To be fair, there are black holes aplenty in the public finances, but no one can credibly argue they were hidden from view. Since 2008, British indebtedness has been stuck in a one-way ratchet, from 35 per cent of GDP before that crisis to 90 per cent today. Every few years the Treasury has a crack at trying to close the gap between public revenues and expenditure, only for another crisis to come along and blow its efforts out of the water. But the underlying ratchet is not actually operated by these crises. It is a function of two factors: slow growth and a failing state, at the centre of which lies the super-massive black hole of the NHS.

Reeves makes much of her supposed determination to address Britain’s economic stagnation. But growth was not at the heart of this budget. In fact, she chose largely to stick with the existing model, in which the productive economy is increasingly cannibalised to feed the beast of our ageing population and the unreformed services it relies upon.

• A ‘traditional’ Labour budget — but will it actually spur growth?

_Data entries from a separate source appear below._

(* For $i\in[2]$, let $A^ix^i+b^iy\le d^i$ be totally dual integral inequality systems in variables $x^i\in\mathbb{R}^{n_i}$ and a common scalar variable $y\in\mathbb{R}$, where $A^i\in\mathbb{Z}^{m_i\times n_i}$ and $b^i,d^i\in\mathbb{Z}^{m_i}$, and suppose each of these systems implies $0\le y\le1$. Then the combined system $A^1x^1+b^1y\le d^1$, $A^2x^2+b^2y\le d^2$ (in the variables $(x^1,x^2,y)$) is totally dual integral.
   Context: A system $Ax\le b$ with rational data is totally dual integral if for every integral objective $w$ for which $\max\{w^\top x: Ax\le b\}$ is finite, the dual $\min\{b^\top u: A^\top u=w,\ u\ge0\}$ has an integral optimal solution. *)

theory Defs
  imports Main "HOL-Library.Set_Algebras" Complex_Main
begin

text \<open>Matrices are
  functions nat \<Rightarrow> nat \<Rightarrow> real (row, column), vectors nat \<Rightarrow> real;
  only the entries with row index < m and column index < n matter.\<close>

definition feasible :: "nat \<Rightarrow> nat \<Rightarrow> (nat \<Rightarrow> nat \<Rightarrow> real) \<Rightarrow> (nat \<Rightarrow> real) \<Rightarrow> (nat \<Rightarrow> real) \<Rightarrow> bool" where
  "feasible m n A d x \<longleftrightarrow> (\<forall>r<m. (\<Sum>j<n. A r j * x j) \<le> d r)"
(* Let $\mathcal{H}$ be a $d$-dimensional Hilbert space, let $\mathcal{D}(\mathcal{H})$ denote the set of density operators on $\mathcal{H}$, and let $\mathcal{H}_{\mathrm{anc}}\cong\mathcal{H}$ be the Hilbert space of an ancillary system. Suppose the classical pure states $\{|\chi_i\rangle\}_{i=1}^d\subset\mathcal{H}$ form a linearly independent set spanning $\mathcal{H}$. Then there exists an isometry $\Gamma:\mathcal{H}\to\mathcal{H}\otimes\mathcal{H}_{\mathrm{anc}}$ such that for every $\rho\in\mathcal{D}(\mathcal{H})$, $$\mathrm{NN}(\rho)=\mathrm{SN}(\Gamma\rho\Gamma^\dagger),$$ where the Schmidt number is taken with respect to the bipartition $\mathcal{H}\,|\,\mathcal{H}_{\mathrm{anc}}$.
   Context: Given a finite set of "classical" pure states $\{|\chi_i\rangle\}$ spanning $\mathcal{H}$, the nonclassical rank of a pure state $|\psi\rangle$ is $\mathrm{NR}(|\psi\rangle)=\min\{r : |\psi\rangle=\sum_{i=1}^r c_i|\chi_i\rangle,\ c_i\in\mathbb{C}\setminus\{0\}\}$ (the minimal number of classical states needed to write $|\psi\rangle$ as a superposition). The nonclassical number of a mixed state is $\mathrm{NN}(\rho)=\min_{\{p_i,|\psi_i\rangle\}}\max_i \mathrm{NR}(|\psi_i\rangle)$, the minimum being over all pure-state convex decompositions $\rho=\sum_i p_i|\psi_i\rangle\langle\psi_i|$. The Schmidt number of a bipartite state is $\mathrm{SN}(\rho)=\min_{\{p_i,|\psi_i\rangle\}}\max_i\mathrm{SR}(|\psi_i\rangle)$, with $\mathrm{SR}$ the Schmidt rank and the minimum over pure-state decompositions of $\rho$. *)

theory Defs
  imports Complex_Main
begin

text \<open>The d-dimensional Hilbert space H is C^d; a vector is a function
  nat => complex of which only the entries with index < d matter; an operator on C^d
  is a function nat => nat => complex of which only entries with indices < d matter.
  The tensor product C^dA (x) C^dB is identified with C^(dA*dB), the basis vector
  e_i (x) f_j corresponding to the index i*dB + j.\<close>

definition unit_vector :: "nat \<Rightarrow> (nat \<Rightarrow> complex) \<Rightarrow> bool" where
  "unit_vector d \<psi> \<longleftrightarrow> (\<Sum>j<d. (cmod (\<psi> j))\<^sup>2) = 1"
text \<open>A k x k block matrix with blocks M p q (p, q < k) is positive, i.e. positivity
  on the space C^k tensor H.\<close>
definition block_positive :: "nat \<Rightarrow> (nat \<Rightarrow> nat \<Rightarrow> ('n::finite) op) \<Rightarrow> bool" where
  "block_positive k M \<longleftrightarrow>
     (\<forall>v :: nat \<Rightarrow> 'n \<Rightarrow> complex.
        Im (\<Sum>p<k. \<Sum>q<k. sesq (v p) (M p q) (v q)) = 0 \<and>
        0 \<le> Re (\<Sum>p<k. \<Sum>q<k. sesq (v p) (M p q) (v q)))"

text \<open>completely positive: linear and id_k tensor Phi is positive for every k\<close>
definition cp_map :: "(('a::finite) op \<Rightarrow> ('b::finite) op) \<Rightarrow> bool" where
  "cp_map \<Phi> \<longleftrightarrow> clinear_map \<Phi> \<and>
     (\<forall>k M. block_positive k M \<longrightarrow> block_positive k (\<lambda>p q. \<Phi> (M p q)))"

definition channel :: "(('a::finite) op \<Rightarrow> ('b::finite) op) \<Rightarrow> bool" where
  "channel \<Phi> \<longleftrightarrow> cp_map \<Phi> \<and> (\<forall>A. trace (\<Phi> A) = trace A)"

definition third_law_channel :: "(('a::finite) op \<Rightarrow> ('b::finite) op) \<Rightarrow> bool" where
  "third_law_channel \<Phi> \<longleftrightarrow> channel \<Phi> \<and> (\<forall>\<rho>. full_rank_state \<rho> \<longrightarrow> full_rank_state (\<Phi> \<rho>))"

This is evident in the choice to raise the majority of additional revenues, some £25 billion a year, from higher employer national insurance contributions. This is indisputably a tax on work, whatever sophistry the government may deploy about sparing the “payslips” of “working people”. It opens up an ever wider black hole, so to speak, between what it costs to hire and what the employee takes home, extracting yet more from the working-age population to fund unsustainable pensions and inefficiently delivered medical care.

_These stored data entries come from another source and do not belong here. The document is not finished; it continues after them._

(* Fix a $C^0$-concept over a topologized field $\mathbb{K}$. Let $E,F\in\mathcal{M}$, $U\subseteq E$ open, $f\in C^0(U,F)$, and suppose there exists a $C^0$-map $g\colon P\to F$ defined on an open neighbourhood $P$ of $U\times E\times\{0\}$ in $U^{[1]}$ such that $g(x,y,t)=\frac{f(x+ty)-f(x)}{t}$ for all $(x,y,t)\in P$ with $t\ne0$. Then $f$ is of class $C^1$ and $g=f^{[1]}|_P$.
   Context: Let $\mathbb{K}$ be a commutative ring with unit (here a field) carrying a topology. A $C^0$-concept over $\mathbb{K}$ consists of: (a) a class $\mathcal{M}$ of topologized $\mathbb{K}$-modules with $\mathbb{K}\in\mathcal{M}$; (b) for $E,F\in\mathcal{M}$ and open $U\subseteq E$, a set $C^0(U,F)$ of continuous maps; (c) for $E_1,E_2\in\mathcal{M}$ a topology on $E_1\times E_2$ (not necessarily the product topology) making it a member of $\mathcal{M}$; subject to: (I.1) composites of $C^0$-maps are $C^0$, identities and inclusions of open subsets are $C^0$; (I.2) $x\mapsto rx+b$ is $C^0$; (I.3) $t\mapsto tv+x$ is $C^0$; (I.4) $\mathbb{K}^\times$ is open and inversion is $C^0$; (I.5) a map which is $C^0$ on each member of an open cover of its domain is $C^0$; (II.1) projections and $v\mapsto(v,y)$, $w\mapsto(x,w)$ are $C^0$; (II.2) $f_1\times f_2$ is $C^0$ for $C^0$-maps $f_i$; (II.3) diagonals are $C^0$; (II.4) exchange/associativity maps of products are $C^0$ both ways; (II.5) addition and scalar multiplication are $C^0$; (III) a $C^0$-map on open $U\subseteq\mathbb{K}$ is determined by its values on $U\cap\mathbb{K}^\times$. $U^{[1]}:=\{(x,v,t)\in U\times E\times\mathbb{K}:x+tv\in U\}$, open in $E\times E\times\mathbb{K}$. A $C^0$-map $f$ is $C^1$ if there is a $C^0$-map $f^{[1]}\colon U^{[1]}\to F$ with $f(x+tv)-f(x)=t\,f^{[1]}(x,v,t)$ for all $(x,v,t)\in U^{[1]}$. *)

theory Defs
  imports "HOL-Analysis.Analysis"
begin

text \<open>
  Since HOL cannot quantify over a class of types,
  all members of the class M live as subsets (carriers) of one universe type 'u.
  The ground field K is a type 'k of class field carrying a topology KT; it is
  represented inside the universe by an injective map emb.  Products E1 x E2
  are represented by an injective pairing function on the universe; the
  product object prd E1 E2 has the componentwise module structure but an
  arbitrary topology.  Maps are total HOL functions, regarded on their domain only.
\<close>

record ('k, 'u) tmod =
  carr :: "'u set"
  zer :: 'u
  ad :: "'u \<Rightarrow> 'u \<Rightarrow> 'u"
  sm :: "'k \<Rightarrow> 'u \<Rightarrow> 'u"
  tp :: "'u topology"

definition is_tmodule :: "('k::field, 'u) tmod \<Rightarrow> bool" where
  "is_tmodule E \<longleftrightarrow>
     zer E \<in> carr E \<and>
     (\<forall>x\<in>carr E. \<forall>y\<in>carr E. ad E x y \<in> carr E) \<and>
     (\<forall>r. \<forall>x\<in>carr E. sm E r x \<in> carr E) \<and>
     (\<forall>x\<in>carr E. \<forall>y\<in>carr E. \<forall>z\<in>carr E. ad E (ad E x y) z = ad E x (ad E y z)) \<and>
     (\<forall>x\<in>carr E. \<forall>y\<in>carr E. ad E x y = ad E y x) \<and>
     (\<forall>x\<in>carr E. ad E x (zer E) = x) \<and>
     (\<forall>x\<in>carr E. \<exists>y\<in>carr E. ad E x y = zer E) \<and>
     (\<forall>r. \<forall>x\<in>carr E. \<forall>y\<in>carr E. sm E r (ad E x y) = ad E (sm E r x) (sm E r y)) \<and>
     (\<forall>r s. \<forall>x\<in>carr E. sm E (r + s) x = ad E (sm E r x) (sm E s x)) \<and>
     (\<forall>r s. \<forall>x\<in>carr E. sm E (r * s) x = sm E r (sm E s x)) \<and>
     (\<forall>x\<in>carr E. sm E 1 x = x) \<and>
     topspace (tp E) = carr E"

definition msub :: "('k::field, 'u) tmod \<Rightarrow> 'u \<Rightarrow> 'u \<Rightarrow> 'u" where
  "msub E x y = ad E x (sm E (-1) y)"

record ('k, 'u) concept =
  KT :: "'k topology"
  emb :: "'k \<Rightarrow> 'u"
  pairing :: "'u \<Rightarrow> 'u \<Rightarrow> 'u"
  Mcls :: "('k, 'u) tmod set"
  C0s :: "('k, 'u) tmod \<Rightarrow> 'u set \<Rightarrow> ('k, 'u) tmod \<Rightarrow> ('u \<Rightarrow> 'u) set"
  prd :: "('k, 'u) tmod \<Rightarrow> ('k, 'u) tmod \<Rightarrow> ('k, 'u) tmod"

definition kv :: "('k, 'u) concept \<Rightarrow> 'u \<Rightarrow> 'k" where
  "kv C u = inv (emb C) u"

definition Kobj :: "('k::field, 'u) concept \<Rightarrow> ('k, 'u) tmod" where
  "Kobj C = \<lparr> carr = range (emb C), zer = emb C 0,
      ad = (\<lambda>a b. emb C (kv C a + kv C b)),
      sm = (\<lambda>r a. emb C (r * kv C a)),
      tp = topology (\<lambda>S. S \<subseteq> range (emb C) \<and> openin (KT C) (emb C -` S)) \<rparr>"

definition pfst :: "('k, 'u) concept \<Rightarrow> 'u \<Rightarrow> 'u" where
  "pfst C p = fst (inv (case_prod (pairing C)) p)"

definition psnd :: "('k, 'u) concept \<Rightarrow> 'u \<Rightarrow> 'u" where
  "psnd C p = snd (inv (case_prod (pairing C)) p)"

definition concept_struct :: "('k::field, 'u) concept \<Rightarrow> bool" where
  "concept_struct C \<longleftrightarrow>
     topspace (KT C) = UNIV \<and> inj (emb C) \<and> inj (case_prod (pairing C)) \<and>
     Kobj C \<in> Mcls C \<and> (\<forall>E\<in>Mcls C. is_tmodule E) \<and>
     (\<forall>E1\<in>Mcls C. \<forall>E2\<in>Mcls C.
        prd C E1 E2 \<in> Mcls C \<and>
        carr (prd C E1 E2) = {pairing C a b | a b. a \<in> carr E1 \<and> b \<in> carr E2} \<and>
        zer (prd C E1 E2) = pairing C (zer E1) (zer E2) \<and>
        (\<forall>a1\<in>carr E1. \<forall>a2\<in>carr E1. \<forall>b1\<in>carr E2. \<forall>b2\<in>carr E2.
           ad (prd C E1 E2) (pairing C a1 b1) (pairing C a2 b2)
             = pairing C (ad E1 a1 a2) (ad E2 b1 b2)) \<and>
        (\<forall>r. \<forall>a\<in>carr E1. \<forall>b\<in>carr E2.
           sm (prd C E1 E2) r (pairing C a b) = pairing C (sm E1 r a) (sm E2 r b))) \<and>
     (\<forall>E\<in>Mcls C. \<forall>F\<in>Mcls C. \<forall>U f. f \<in> C0s C E U F \<longrightarrow>
        openin (tp E) U \<and> f ` U \<subseteq> carr F \<and>
        continuous_map (subtopology (tp E) U) (tp F) f) \<and>
     (\<forall>E\<in>Mcls C. \<forall>F\<in>Mcls C. \<forall>U f g. f \<in> C0s C E U F \<longrightarrow> (\<forall>x\<in>U. g x = f x)
        \<longrightarrow> g \<in> C0s C E U F)"
(* Let $A$ be a cyclic Leibniz algebra generated by $a$, with notation as in the context. Then $A$ has a unique maximal ideal, namely $M_1=\{b\in A: t(L_a)(b)=0\}$, where $t(x)=p(x)/p_1(x)$.
   Context: A (left) Leibniz algebra is an algebra satisfying $x(yz)=(xy)z+y(xz)$ for all $x,y,z$; all algebras are finite-dimensional over a field $F$. $A$ is a cyclic Leibniz algebra generated by $a$: $A$ is generated as an algebra by the single element $a$, and with $a^1=a$, $a^{k+1}=aa^k$, the elements $a,a^2,\dots,a^n$ form a basis of $A$. Write $aa^n=\alpha_2a^2+\cdots+\alpha_na^n$. $L_a:A\to A$ is $b\mapsto ab$, with characteristic (and minimal) polynomial $p(x)=x^n-\alpha_nx^{n-1}-\cdots-\alpha_2x=p_1(x)^{n_1}\cdots p_s(x)^{n_s}$, the $p_j$ distinct monic irreducibles over $F$, $p_1(x)=x$. An ideal is a subspace $I$ with $AI\subseteq I$ and $IA\subseteq I$; a maximal ideal is a proper ideal not properly contained in any proper ideal. *)

theory Defs
  imports Main "HOL-Computational_Algebra.Polynomial"
begin

definition leibniz_algebra ::
  "('a::field \<Rightarrow> 'v::ab_group_add \<Rightarrow> 'v) \<Rightarrow> ('v \<Rightarrow> 'v \<Rightarrow> 'v) \<Rightarrow> bool" where
  "leibniz_algebra scale m \<longleftrightarrow>
     vector_space scale \<and>
     (\<forall>x. Vector_Spaces.linear scale scale (m x)) \<and>
     (\<forall>y. Vector_Spaces.linear scale scale (\<lambda>x. m x y)) \<and>
     (\<forall>x y z. m x (m y z) = m (m x y) z + m y (m x z))"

Likewise with the rise in capital gains tax on shares, but not on property, the second-largest tax rise in the budget. This will see the Exchequer yet again whack productive, risk-taking investments rather than increasing the tax burden on passive property ownership. Where the budget does tax property more, it does so in the worst way by raising stamp duty on second homes, a choice that is far inferior to the alternative of sorting out council tax.

And while the promise to unfreeze income tax thresholds is welcome, it won’t be implemented for another four years — until the next election year, in other words. At least the chancellor held off raising taxes on fuel, though she seems determined, with her oil and gas tax rises, to ensure we should buy more of it from abroad.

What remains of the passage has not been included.